**Work instruction:** Return all lines from the listing below that include the word "induction".

Data excerpts Block Start

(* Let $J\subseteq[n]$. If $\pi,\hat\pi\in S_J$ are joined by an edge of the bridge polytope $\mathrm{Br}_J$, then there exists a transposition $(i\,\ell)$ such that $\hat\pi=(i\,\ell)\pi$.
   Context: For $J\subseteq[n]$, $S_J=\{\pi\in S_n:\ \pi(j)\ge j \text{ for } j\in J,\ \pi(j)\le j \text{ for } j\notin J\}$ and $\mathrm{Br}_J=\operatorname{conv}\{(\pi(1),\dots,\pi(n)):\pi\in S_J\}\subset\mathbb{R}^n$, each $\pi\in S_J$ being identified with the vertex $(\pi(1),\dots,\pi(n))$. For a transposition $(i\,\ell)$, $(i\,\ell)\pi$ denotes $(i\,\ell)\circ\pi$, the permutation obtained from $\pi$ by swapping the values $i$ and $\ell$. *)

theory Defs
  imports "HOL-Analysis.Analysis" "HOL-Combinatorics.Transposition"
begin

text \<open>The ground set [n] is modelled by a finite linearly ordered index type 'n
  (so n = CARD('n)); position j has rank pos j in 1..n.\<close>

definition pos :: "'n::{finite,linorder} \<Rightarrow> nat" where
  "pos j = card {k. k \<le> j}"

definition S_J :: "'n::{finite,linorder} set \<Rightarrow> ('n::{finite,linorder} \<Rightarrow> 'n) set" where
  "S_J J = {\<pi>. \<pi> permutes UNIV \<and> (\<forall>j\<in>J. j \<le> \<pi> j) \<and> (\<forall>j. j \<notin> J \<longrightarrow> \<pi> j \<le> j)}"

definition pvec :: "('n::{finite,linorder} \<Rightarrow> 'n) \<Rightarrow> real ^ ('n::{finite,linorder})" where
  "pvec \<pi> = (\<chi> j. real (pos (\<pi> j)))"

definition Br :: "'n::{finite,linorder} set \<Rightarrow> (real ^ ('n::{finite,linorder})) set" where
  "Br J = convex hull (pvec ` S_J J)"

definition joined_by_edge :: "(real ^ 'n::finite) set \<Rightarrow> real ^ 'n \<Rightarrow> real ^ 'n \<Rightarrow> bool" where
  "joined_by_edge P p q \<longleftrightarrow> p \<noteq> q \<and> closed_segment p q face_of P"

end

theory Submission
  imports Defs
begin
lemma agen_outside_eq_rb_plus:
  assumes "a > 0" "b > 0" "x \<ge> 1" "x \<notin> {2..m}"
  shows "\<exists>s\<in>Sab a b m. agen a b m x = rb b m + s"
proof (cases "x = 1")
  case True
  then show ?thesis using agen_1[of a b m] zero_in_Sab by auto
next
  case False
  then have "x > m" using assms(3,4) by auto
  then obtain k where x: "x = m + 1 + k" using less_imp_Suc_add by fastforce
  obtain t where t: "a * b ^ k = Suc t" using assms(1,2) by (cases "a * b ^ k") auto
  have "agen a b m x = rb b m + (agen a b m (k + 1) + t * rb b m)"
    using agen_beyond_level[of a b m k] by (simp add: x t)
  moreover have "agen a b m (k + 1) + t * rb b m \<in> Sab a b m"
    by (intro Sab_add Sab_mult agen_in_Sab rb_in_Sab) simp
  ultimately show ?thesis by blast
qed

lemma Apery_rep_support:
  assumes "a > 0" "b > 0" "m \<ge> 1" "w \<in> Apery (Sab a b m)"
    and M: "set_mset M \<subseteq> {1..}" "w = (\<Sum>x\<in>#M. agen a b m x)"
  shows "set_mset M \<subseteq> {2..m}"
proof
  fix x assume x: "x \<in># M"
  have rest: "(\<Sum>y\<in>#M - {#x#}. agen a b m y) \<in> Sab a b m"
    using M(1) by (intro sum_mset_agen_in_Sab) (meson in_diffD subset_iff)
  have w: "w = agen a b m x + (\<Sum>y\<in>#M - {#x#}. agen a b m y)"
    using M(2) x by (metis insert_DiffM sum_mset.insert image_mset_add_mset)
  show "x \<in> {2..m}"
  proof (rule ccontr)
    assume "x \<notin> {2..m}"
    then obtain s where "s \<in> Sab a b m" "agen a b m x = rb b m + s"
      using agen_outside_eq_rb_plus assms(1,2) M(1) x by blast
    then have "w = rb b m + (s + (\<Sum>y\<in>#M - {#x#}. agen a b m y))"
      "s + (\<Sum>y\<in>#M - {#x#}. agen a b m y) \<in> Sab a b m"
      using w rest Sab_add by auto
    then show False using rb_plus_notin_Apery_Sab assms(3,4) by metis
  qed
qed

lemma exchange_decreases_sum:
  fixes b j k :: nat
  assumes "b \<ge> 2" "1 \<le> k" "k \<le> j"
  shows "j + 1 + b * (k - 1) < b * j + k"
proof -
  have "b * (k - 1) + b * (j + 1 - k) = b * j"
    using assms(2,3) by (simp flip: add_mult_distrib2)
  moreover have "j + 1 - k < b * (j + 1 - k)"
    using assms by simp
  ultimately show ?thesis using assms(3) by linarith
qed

Data excerpts Block End
Data excerpts Block Start

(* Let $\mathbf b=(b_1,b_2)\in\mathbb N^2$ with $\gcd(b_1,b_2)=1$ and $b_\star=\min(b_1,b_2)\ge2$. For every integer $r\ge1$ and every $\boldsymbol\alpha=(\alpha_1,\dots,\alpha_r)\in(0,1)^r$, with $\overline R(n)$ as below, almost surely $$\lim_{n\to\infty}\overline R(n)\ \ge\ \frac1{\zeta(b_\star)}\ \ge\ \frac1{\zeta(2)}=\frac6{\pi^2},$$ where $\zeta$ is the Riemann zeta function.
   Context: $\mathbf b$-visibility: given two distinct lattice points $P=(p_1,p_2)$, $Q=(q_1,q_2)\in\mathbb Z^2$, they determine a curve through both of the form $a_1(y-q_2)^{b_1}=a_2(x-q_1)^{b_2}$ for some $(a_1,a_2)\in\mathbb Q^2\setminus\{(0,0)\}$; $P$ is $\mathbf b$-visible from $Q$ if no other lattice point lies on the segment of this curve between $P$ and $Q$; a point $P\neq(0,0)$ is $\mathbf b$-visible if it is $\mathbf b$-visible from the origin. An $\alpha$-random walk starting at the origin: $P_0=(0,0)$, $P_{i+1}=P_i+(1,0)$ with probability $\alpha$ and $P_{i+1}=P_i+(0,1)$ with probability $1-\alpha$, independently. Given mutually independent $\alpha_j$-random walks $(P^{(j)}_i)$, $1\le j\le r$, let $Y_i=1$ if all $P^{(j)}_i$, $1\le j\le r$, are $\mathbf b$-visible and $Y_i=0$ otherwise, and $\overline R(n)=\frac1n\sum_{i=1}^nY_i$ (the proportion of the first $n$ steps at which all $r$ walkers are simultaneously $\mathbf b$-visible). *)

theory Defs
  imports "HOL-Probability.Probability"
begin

Data excerpts Block End
Data excerpts Block Start

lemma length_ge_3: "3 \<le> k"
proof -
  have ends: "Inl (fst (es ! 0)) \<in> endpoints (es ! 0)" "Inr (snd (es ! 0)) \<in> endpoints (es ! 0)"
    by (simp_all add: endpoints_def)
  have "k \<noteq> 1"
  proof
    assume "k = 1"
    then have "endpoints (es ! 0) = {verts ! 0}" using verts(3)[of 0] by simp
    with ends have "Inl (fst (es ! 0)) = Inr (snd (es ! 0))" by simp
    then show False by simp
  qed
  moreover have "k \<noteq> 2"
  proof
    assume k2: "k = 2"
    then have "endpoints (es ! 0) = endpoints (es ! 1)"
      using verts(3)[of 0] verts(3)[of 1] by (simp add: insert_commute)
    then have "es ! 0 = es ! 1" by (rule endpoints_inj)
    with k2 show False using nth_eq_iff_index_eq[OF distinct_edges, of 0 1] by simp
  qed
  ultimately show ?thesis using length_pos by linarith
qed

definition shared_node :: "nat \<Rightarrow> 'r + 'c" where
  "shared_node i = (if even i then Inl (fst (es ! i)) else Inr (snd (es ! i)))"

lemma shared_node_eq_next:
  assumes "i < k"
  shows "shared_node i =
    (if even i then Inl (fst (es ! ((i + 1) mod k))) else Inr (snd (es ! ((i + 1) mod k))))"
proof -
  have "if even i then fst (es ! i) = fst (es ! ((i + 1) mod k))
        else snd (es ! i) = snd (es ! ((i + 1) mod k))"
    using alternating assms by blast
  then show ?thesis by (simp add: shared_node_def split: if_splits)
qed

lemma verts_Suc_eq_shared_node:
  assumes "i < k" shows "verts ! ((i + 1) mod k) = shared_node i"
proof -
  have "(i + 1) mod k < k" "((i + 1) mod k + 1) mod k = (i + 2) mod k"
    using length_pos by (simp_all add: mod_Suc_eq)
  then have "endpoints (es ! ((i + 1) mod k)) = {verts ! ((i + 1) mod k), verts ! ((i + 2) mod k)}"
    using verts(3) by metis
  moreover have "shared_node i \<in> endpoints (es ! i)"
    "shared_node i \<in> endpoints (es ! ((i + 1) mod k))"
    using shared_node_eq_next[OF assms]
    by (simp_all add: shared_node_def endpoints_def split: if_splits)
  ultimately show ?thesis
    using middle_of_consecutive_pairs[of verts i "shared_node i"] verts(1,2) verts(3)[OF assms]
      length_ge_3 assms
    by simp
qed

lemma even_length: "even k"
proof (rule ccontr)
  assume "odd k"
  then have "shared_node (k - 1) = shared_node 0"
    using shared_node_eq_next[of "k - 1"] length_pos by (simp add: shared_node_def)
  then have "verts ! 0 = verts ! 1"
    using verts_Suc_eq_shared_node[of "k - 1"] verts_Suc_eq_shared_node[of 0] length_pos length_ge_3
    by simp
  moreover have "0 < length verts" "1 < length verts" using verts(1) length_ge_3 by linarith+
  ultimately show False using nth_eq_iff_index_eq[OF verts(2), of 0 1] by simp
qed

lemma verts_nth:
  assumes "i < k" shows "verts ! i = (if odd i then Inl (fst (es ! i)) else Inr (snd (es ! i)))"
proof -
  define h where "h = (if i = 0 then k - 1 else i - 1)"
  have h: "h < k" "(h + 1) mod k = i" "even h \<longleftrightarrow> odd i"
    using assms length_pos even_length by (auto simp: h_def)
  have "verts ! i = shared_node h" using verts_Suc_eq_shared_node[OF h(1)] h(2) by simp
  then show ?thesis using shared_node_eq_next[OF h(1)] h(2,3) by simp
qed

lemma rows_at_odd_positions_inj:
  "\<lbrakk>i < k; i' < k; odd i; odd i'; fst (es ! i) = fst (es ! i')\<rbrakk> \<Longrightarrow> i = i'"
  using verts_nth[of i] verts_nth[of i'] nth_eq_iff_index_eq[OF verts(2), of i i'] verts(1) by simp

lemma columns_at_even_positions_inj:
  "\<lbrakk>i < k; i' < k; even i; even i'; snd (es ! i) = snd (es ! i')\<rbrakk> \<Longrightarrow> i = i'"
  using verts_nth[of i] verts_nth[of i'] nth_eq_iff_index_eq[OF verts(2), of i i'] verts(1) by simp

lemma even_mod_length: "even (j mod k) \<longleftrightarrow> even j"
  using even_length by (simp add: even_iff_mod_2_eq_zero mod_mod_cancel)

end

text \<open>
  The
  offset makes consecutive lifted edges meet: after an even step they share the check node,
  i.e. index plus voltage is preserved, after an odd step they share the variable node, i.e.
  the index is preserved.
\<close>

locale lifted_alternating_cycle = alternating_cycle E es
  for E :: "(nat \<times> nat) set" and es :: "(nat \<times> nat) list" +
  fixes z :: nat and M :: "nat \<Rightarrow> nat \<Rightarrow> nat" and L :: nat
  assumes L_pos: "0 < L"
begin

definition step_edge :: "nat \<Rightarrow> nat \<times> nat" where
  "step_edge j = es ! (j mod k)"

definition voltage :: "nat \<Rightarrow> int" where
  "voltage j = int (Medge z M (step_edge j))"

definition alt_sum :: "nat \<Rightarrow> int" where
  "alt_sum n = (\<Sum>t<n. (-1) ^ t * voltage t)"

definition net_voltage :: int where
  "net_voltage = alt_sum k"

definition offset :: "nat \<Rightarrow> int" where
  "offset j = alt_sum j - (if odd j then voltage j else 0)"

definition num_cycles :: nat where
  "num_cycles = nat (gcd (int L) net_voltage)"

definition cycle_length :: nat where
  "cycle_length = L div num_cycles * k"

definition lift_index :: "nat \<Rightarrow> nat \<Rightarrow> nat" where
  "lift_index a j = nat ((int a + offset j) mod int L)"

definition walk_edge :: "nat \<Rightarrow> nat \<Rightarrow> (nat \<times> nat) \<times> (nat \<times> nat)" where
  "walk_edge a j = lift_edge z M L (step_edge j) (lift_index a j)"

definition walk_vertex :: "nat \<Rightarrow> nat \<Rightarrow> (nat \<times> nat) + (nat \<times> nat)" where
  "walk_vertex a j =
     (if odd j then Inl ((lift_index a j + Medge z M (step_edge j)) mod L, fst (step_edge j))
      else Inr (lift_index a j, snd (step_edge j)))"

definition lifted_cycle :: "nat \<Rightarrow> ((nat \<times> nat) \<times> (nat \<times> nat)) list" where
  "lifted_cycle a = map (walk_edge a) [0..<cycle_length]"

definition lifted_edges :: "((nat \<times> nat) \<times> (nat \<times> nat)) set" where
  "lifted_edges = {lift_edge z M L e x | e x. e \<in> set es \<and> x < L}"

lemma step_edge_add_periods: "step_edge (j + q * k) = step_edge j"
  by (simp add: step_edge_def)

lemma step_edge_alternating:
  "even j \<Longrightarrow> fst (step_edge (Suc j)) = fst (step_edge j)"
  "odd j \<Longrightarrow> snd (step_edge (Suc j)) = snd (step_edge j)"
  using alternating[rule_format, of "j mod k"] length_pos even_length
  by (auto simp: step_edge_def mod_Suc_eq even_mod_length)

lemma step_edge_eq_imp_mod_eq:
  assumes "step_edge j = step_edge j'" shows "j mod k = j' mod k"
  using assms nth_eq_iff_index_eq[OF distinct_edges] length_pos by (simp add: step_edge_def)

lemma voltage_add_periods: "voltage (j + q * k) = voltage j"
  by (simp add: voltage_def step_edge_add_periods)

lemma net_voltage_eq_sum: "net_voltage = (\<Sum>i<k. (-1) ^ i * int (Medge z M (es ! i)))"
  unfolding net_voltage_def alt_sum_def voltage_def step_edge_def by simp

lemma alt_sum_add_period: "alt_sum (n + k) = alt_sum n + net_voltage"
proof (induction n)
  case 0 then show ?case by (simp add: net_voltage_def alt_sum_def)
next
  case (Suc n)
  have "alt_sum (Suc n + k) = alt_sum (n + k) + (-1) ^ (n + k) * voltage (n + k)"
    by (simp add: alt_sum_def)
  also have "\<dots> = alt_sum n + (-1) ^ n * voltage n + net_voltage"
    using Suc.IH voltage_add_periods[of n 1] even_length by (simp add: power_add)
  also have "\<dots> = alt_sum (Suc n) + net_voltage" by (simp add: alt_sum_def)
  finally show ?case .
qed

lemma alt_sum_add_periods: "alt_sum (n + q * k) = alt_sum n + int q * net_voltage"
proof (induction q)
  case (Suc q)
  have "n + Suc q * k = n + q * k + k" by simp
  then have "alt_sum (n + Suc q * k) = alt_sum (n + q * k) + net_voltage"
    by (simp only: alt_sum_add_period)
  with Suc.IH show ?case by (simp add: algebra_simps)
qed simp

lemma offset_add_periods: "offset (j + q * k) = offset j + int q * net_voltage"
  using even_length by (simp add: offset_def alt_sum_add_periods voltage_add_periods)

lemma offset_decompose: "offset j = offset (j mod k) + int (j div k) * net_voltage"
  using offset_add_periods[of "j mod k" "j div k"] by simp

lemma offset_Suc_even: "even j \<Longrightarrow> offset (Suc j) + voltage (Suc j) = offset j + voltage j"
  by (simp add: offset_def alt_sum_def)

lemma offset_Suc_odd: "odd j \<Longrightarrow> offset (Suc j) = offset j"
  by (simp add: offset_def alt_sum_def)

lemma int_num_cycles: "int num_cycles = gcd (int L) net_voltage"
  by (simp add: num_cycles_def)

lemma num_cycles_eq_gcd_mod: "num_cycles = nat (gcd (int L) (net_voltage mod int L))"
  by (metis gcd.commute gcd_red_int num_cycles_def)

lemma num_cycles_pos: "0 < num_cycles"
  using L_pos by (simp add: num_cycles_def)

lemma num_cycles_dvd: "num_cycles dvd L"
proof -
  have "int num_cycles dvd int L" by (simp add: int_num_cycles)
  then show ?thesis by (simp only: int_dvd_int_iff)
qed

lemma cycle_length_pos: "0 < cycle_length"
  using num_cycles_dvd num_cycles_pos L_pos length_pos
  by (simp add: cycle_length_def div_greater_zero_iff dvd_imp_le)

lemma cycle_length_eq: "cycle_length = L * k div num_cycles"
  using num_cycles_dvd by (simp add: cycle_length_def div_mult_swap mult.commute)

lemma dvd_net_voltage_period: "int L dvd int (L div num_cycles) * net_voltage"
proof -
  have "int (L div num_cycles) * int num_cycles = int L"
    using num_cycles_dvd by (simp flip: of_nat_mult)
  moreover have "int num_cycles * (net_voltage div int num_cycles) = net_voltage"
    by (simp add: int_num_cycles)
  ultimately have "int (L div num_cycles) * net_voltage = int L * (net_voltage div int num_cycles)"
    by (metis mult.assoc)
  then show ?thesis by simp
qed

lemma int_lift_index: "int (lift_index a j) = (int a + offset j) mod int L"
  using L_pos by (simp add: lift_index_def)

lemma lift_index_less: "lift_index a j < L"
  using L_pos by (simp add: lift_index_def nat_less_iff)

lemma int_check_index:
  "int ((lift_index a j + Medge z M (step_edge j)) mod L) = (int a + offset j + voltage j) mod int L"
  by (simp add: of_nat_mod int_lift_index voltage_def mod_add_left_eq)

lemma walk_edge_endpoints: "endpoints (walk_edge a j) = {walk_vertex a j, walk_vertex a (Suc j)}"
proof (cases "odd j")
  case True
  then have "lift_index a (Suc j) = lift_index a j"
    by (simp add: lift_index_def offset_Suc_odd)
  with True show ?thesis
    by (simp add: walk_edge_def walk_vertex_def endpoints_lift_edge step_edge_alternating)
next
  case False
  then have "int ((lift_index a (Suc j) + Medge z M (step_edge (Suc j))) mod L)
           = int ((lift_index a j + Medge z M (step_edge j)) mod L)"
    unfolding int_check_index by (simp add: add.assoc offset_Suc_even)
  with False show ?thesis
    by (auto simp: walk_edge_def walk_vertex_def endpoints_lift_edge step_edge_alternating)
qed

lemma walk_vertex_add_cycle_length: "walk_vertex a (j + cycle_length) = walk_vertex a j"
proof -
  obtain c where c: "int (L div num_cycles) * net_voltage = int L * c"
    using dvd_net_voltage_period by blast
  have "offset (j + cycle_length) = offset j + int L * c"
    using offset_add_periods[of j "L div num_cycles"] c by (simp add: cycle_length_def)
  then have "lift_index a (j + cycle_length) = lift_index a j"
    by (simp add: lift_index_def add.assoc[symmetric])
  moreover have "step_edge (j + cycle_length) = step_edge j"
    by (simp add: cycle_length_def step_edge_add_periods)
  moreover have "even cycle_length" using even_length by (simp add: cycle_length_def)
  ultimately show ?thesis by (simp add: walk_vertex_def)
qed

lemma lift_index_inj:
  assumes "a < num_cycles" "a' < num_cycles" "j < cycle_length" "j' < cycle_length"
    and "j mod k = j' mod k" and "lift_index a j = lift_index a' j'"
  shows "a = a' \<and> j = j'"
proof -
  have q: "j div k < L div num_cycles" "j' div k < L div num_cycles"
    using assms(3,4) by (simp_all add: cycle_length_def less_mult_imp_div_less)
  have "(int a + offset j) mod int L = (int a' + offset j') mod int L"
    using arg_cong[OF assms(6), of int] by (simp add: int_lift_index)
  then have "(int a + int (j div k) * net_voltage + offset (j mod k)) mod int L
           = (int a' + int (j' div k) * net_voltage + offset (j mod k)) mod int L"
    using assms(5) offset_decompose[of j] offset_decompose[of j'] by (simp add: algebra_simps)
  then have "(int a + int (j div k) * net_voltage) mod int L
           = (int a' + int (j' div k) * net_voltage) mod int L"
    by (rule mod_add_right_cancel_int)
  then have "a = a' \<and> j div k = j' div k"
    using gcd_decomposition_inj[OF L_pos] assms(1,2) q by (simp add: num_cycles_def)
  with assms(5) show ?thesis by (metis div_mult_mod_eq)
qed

Data excerpts Block End

**Your response:**
proof (induction n)
proof (induction q)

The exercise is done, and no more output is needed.